Using the entries below, write out the line with "using assms(1) w", the line with "fix a b assume", and every line in between, exactly as each is written.

[[ Data to process open ]]

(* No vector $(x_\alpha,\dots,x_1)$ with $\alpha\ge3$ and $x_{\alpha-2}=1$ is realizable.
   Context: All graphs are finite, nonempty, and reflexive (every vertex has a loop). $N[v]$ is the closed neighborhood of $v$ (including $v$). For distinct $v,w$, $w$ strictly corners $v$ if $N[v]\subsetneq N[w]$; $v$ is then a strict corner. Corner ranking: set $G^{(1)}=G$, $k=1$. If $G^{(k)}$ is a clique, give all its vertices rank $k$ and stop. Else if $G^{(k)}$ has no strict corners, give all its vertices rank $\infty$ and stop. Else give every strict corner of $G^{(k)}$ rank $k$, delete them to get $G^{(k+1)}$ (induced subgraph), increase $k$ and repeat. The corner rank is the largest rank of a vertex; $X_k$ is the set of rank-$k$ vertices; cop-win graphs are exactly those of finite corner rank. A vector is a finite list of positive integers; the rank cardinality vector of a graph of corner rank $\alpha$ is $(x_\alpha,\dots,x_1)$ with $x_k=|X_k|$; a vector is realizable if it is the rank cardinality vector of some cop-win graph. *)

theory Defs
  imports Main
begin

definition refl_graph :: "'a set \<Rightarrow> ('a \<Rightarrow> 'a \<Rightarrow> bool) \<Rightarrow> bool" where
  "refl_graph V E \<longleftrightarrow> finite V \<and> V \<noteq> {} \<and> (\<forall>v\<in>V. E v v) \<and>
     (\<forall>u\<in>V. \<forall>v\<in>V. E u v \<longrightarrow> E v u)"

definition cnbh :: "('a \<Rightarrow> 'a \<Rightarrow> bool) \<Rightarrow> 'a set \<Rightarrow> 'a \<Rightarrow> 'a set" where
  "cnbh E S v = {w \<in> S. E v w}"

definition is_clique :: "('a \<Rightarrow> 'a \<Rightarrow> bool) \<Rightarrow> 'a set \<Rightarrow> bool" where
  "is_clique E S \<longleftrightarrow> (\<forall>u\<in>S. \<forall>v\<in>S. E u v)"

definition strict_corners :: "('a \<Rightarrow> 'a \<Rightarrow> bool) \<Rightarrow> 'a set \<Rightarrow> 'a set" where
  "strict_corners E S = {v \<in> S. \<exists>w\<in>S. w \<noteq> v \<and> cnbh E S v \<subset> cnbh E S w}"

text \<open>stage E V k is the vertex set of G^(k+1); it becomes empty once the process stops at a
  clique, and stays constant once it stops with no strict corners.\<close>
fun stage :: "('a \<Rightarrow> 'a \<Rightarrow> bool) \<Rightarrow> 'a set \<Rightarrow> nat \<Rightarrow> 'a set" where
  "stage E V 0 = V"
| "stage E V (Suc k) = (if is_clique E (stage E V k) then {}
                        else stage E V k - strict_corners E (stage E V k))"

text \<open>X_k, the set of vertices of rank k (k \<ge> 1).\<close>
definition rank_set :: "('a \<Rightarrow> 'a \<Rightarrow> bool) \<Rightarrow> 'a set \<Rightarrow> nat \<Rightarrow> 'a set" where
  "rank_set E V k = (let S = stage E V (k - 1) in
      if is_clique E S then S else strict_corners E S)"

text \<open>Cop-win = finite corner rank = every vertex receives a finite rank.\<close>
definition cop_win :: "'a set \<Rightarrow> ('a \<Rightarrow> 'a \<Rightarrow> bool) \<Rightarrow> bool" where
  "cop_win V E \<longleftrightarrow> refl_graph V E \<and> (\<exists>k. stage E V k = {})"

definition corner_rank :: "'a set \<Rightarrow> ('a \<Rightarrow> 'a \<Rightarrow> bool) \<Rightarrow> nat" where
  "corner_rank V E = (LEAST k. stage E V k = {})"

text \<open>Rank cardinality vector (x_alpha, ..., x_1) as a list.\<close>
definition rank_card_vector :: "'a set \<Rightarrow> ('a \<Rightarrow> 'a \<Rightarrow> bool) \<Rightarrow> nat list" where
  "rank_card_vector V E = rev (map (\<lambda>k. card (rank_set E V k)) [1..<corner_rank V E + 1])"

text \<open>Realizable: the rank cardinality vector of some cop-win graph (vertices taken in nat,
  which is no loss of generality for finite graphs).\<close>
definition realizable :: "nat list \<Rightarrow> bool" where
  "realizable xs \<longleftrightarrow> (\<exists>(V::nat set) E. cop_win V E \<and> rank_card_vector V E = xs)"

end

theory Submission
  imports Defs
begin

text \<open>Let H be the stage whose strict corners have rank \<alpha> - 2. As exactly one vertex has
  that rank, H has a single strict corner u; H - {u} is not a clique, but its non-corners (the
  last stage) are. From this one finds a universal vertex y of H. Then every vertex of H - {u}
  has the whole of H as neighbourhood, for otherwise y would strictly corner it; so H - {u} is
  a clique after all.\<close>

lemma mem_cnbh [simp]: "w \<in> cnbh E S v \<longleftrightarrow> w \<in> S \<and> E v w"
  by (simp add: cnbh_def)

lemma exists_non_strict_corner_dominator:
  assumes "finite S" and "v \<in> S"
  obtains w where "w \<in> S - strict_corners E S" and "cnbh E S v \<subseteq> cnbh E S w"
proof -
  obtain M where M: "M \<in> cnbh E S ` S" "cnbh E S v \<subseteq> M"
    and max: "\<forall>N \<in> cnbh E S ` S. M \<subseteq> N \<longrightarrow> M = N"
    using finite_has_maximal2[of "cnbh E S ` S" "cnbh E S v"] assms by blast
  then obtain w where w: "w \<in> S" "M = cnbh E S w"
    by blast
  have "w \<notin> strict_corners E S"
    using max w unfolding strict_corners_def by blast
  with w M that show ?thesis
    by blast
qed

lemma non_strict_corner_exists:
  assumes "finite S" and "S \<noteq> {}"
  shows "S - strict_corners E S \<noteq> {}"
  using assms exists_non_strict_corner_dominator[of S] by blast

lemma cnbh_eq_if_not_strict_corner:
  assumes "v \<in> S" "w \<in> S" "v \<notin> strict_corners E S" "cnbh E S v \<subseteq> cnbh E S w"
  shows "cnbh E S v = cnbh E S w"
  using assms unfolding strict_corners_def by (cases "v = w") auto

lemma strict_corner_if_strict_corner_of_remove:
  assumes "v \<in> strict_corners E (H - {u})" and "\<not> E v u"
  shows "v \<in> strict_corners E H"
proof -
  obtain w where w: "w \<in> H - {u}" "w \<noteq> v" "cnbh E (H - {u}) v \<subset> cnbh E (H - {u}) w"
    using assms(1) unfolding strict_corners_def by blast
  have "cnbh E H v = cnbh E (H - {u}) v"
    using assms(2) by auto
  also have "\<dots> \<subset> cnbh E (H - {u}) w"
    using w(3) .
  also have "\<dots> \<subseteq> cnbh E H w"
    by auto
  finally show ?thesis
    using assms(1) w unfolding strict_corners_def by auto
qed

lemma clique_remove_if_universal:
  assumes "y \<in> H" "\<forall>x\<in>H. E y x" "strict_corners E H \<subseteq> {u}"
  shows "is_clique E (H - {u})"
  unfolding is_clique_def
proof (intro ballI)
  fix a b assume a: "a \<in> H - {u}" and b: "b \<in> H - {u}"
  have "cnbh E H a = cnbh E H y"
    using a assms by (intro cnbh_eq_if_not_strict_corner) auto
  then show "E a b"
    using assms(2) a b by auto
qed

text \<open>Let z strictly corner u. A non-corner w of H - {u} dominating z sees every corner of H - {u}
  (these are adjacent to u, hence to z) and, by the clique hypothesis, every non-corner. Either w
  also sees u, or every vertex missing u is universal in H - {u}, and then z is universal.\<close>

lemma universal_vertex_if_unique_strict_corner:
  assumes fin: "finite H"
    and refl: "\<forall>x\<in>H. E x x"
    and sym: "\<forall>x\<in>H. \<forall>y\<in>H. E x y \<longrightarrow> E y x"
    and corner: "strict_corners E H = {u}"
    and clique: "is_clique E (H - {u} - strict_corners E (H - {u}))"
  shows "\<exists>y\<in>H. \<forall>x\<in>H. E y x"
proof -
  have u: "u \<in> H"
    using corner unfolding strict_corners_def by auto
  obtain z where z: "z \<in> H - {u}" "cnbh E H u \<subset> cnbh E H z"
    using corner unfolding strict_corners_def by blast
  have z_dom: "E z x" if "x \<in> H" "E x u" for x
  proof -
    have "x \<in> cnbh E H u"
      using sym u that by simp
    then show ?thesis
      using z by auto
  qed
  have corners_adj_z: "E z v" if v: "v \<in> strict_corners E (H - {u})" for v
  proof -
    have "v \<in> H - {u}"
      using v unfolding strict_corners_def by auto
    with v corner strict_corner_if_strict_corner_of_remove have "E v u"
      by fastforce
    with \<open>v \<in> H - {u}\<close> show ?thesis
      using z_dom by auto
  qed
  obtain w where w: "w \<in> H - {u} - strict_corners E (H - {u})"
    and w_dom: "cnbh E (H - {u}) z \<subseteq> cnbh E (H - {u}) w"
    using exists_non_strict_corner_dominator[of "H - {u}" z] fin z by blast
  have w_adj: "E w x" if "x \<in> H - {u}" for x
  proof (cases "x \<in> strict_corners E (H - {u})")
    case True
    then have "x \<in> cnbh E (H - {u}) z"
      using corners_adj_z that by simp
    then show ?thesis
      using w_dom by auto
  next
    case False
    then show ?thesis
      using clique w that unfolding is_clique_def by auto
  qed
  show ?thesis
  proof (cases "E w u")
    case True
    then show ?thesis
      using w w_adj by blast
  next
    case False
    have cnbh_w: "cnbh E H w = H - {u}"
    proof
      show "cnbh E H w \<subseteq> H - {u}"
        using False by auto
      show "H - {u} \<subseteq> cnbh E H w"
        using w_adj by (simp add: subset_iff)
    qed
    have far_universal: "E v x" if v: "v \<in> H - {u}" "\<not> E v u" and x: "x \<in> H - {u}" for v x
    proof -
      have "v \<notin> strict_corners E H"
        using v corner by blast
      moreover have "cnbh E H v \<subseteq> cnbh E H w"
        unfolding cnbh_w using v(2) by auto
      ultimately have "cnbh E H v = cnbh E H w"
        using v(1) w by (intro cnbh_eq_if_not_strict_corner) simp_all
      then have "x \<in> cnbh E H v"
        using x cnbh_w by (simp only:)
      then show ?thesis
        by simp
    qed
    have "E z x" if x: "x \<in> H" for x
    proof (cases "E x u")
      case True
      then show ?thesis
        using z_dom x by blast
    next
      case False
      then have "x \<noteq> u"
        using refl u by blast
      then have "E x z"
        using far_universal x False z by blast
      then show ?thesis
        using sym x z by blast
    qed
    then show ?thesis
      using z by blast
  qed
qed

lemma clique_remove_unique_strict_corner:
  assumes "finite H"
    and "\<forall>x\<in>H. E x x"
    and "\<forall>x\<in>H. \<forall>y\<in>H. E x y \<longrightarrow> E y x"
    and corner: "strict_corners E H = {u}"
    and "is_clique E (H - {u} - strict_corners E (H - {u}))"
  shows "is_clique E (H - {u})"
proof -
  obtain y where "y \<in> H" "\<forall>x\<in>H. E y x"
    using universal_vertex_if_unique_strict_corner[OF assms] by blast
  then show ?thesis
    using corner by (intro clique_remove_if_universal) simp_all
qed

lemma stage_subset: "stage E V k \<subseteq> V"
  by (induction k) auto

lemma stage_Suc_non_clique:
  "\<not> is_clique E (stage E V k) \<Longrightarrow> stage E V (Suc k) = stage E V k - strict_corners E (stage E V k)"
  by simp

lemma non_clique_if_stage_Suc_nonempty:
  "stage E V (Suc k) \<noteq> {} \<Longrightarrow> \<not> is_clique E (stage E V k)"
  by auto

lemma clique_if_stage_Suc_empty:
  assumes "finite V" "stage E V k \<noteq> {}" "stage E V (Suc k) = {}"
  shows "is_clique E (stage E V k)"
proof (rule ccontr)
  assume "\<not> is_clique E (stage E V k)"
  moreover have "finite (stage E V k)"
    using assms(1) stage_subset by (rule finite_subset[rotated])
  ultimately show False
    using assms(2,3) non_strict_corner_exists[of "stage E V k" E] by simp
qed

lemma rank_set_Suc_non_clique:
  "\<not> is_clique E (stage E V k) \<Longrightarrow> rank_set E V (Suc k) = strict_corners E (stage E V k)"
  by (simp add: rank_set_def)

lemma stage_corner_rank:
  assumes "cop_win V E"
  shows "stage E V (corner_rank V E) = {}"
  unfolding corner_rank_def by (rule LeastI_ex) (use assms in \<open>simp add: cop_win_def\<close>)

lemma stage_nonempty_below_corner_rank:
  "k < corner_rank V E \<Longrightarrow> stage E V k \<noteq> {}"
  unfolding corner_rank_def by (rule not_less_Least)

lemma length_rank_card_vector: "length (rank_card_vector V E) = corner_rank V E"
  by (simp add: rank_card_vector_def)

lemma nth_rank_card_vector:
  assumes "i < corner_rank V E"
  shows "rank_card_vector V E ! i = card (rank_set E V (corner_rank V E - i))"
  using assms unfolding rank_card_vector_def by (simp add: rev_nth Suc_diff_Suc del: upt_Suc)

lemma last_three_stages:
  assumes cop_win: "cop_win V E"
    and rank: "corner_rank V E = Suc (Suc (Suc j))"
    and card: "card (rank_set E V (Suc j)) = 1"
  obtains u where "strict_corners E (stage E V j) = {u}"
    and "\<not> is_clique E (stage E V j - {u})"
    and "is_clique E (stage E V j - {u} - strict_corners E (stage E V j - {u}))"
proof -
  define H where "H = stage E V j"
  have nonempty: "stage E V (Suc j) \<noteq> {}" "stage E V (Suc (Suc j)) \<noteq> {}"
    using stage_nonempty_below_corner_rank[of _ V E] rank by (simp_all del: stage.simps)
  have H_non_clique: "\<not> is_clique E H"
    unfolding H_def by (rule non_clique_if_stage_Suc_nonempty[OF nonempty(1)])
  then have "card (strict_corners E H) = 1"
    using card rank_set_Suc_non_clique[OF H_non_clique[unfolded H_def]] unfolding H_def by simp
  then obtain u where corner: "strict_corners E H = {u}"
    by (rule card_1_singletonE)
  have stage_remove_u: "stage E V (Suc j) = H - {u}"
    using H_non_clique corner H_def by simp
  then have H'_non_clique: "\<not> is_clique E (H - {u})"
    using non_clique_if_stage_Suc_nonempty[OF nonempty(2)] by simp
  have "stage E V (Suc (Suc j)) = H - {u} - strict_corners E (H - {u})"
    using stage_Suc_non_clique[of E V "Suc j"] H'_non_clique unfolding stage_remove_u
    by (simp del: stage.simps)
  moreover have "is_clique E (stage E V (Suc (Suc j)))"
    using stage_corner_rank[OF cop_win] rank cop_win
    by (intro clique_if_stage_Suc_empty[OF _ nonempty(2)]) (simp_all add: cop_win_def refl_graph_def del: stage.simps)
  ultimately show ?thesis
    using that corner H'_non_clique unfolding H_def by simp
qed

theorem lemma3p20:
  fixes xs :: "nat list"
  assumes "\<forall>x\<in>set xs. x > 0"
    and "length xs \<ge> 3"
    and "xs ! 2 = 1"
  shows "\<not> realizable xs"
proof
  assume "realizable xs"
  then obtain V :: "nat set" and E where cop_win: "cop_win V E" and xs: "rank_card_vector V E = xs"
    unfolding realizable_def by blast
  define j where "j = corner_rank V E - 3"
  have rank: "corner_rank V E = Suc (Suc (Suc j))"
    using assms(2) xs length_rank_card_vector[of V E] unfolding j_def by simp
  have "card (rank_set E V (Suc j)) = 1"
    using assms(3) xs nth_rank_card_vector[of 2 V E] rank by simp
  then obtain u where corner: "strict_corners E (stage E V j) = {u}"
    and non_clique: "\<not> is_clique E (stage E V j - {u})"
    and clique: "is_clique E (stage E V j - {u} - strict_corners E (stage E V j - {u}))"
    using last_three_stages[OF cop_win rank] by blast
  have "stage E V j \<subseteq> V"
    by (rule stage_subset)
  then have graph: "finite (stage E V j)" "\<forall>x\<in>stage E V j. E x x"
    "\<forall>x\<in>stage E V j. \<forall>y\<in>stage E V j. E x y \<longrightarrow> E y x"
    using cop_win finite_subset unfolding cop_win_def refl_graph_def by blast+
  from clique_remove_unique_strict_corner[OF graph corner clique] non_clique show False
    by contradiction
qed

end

[[ Data to process closed ]]

Your solution |
    using assms(1) w unfolding strict_corners_def by auto
qed

lemma clique_remove_if_universal:
  assumes "y \<in> H" "\<forall>x\<in>H. E y x" "strict_corners E H \<subseteq> {u}"
  shows "is_clique E (H - {u})"
  unfolding is_clique_def
proof (intro ballI)
  fix a b assume a: "a \<in> H - {u}" and b: "b \<in> H - {u}"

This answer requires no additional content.